=== Supplied material ===
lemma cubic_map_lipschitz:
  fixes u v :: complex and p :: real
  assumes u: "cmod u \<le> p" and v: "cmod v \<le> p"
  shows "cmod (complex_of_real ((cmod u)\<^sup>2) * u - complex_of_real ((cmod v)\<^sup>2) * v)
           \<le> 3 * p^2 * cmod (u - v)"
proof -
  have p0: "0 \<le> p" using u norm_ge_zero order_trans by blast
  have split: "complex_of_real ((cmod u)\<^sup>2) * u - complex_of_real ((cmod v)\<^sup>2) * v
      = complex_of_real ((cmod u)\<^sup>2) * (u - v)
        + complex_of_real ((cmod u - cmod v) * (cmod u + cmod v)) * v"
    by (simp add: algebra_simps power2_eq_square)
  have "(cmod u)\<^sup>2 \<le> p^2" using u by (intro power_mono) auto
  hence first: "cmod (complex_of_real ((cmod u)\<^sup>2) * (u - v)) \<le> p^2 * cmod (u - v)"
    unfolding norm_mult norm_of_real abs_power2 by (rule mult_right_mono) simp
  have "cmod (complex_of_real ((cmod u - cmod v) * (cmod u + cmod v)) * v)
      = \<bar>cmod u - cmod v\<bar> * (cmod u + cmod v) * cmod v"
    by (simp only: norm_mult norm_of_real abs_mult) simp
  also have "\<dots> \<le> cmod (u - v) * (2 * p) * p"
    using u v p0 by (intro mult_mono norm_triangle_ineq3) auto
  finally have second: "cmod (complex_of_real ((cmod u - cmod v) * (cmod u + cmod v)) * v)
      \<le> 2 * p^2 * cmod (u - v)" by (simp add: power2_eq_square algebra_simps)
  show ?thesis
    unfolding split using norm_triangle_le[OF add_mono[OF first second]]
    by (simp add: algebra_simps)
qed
==
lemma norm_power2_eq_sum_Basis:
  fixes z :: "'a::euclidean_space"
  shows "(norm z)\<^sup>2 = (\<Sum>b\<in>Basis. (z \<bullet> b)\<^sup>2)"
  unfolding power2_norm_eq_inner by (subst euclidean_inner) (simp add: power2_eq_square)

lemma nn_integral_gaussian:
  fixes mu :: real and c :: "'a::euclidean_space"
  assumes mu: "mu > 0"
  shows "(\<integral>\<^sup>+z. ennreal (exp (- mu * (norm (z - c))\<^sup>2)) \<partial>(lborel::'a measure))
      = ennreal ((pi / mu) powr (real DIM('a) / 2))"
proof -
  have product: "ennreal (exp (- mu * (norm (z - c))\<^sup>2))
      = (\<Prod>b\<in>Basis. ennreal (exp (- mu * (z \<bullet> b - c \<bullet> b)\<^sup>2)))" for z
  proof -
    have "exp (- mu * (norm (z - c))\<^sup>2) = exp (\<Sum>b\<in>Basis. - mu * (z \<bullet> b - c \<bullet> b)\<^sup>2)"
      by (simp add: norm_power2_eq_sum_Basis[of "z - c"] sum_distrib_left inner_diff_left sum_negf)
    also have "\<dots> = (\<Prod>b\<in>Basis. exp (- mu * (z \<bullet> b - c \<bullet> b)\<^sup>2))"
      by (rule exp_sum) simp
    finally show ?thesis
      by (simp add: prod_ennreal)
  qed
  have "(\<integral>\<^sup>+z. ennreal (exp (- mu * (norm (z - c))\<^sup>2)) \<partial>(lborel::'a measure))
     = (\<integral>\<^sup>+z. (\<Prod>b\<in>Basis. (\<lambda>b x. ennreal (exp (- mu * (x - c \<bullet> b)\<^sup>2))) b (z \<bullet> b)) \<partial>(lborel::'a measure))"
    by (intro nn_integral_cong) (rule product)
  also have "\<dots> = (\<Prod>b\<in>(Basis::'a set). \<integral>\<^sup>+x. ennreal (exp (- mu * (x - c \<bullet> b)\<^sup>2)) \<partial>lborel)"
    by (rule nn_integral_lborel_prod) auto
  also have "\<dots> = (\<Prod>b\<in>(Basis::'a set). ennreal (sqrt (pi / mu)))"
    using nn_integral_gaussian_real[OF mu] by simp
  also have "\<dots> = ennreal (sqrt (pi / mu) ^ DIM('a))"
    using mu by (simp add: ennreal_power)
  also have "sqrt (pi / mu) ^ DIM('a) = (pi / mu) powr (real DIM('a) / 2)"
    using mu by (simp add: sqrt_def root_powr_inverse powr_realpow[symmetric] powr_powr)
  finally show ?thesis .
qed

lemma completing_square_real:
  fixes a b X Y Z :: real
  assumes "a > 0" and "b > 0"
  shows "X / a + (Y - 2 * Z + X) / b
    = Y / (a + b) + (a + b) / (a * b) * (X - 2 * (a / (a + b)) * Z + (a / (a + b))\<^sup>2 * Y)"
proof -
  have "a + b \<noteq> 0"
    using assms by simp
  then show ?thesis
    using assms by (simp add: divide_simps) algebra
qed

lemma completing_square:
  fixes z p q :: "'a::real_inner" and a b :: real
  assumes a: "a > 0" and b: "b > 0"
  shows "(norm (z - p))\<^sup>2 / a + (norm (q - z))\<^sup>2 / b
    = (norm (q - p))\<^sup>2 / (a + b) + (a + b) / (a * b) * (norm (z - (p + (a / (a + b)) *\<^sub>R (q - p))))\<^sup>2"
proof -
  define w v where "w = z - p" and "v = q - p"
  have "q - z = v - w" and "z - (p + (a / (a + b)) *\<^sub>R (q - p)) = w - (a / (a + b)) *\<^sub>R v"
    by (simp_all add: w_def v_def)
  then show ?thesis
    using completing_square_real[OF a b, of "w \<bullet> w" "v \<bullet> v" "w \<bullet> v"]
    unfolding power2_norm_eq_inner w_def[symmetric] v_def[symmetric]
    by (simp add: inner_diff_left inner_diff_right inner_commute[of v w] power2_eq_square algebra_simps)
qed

=== Task to complete ===
When the line with "v)) \<le> p^2" is reached in the data above, begin copying, and stop after the line with "using u v p0"; copy each line exactly, both ends included.

=== Reply to the task ===
  hence first: "cmod (complex_of_real ((cmod u)\<^sup>2) * (u - v)) \<le> p^2 * cmod (u - v)"
    unfolding norm_mult norm_of_real abs_power2 by (rule mult_right_mono) simp
  have "cmod (complex_of_real ((cmod u - cmod v) * (cmod u + cmod v)) * v)
      = \<bar>cmod u - cmod v\<bar> * (cmod u + cmod v) * cmod v"
    by (simp only: norm_mult norm_of_real abs_mult) simp
  also have "\<dots> \<le> cmod (u - v) * (2 * p) * p"
    using u v p0 by (intro mult_mono norm_triangle_ineq3) auto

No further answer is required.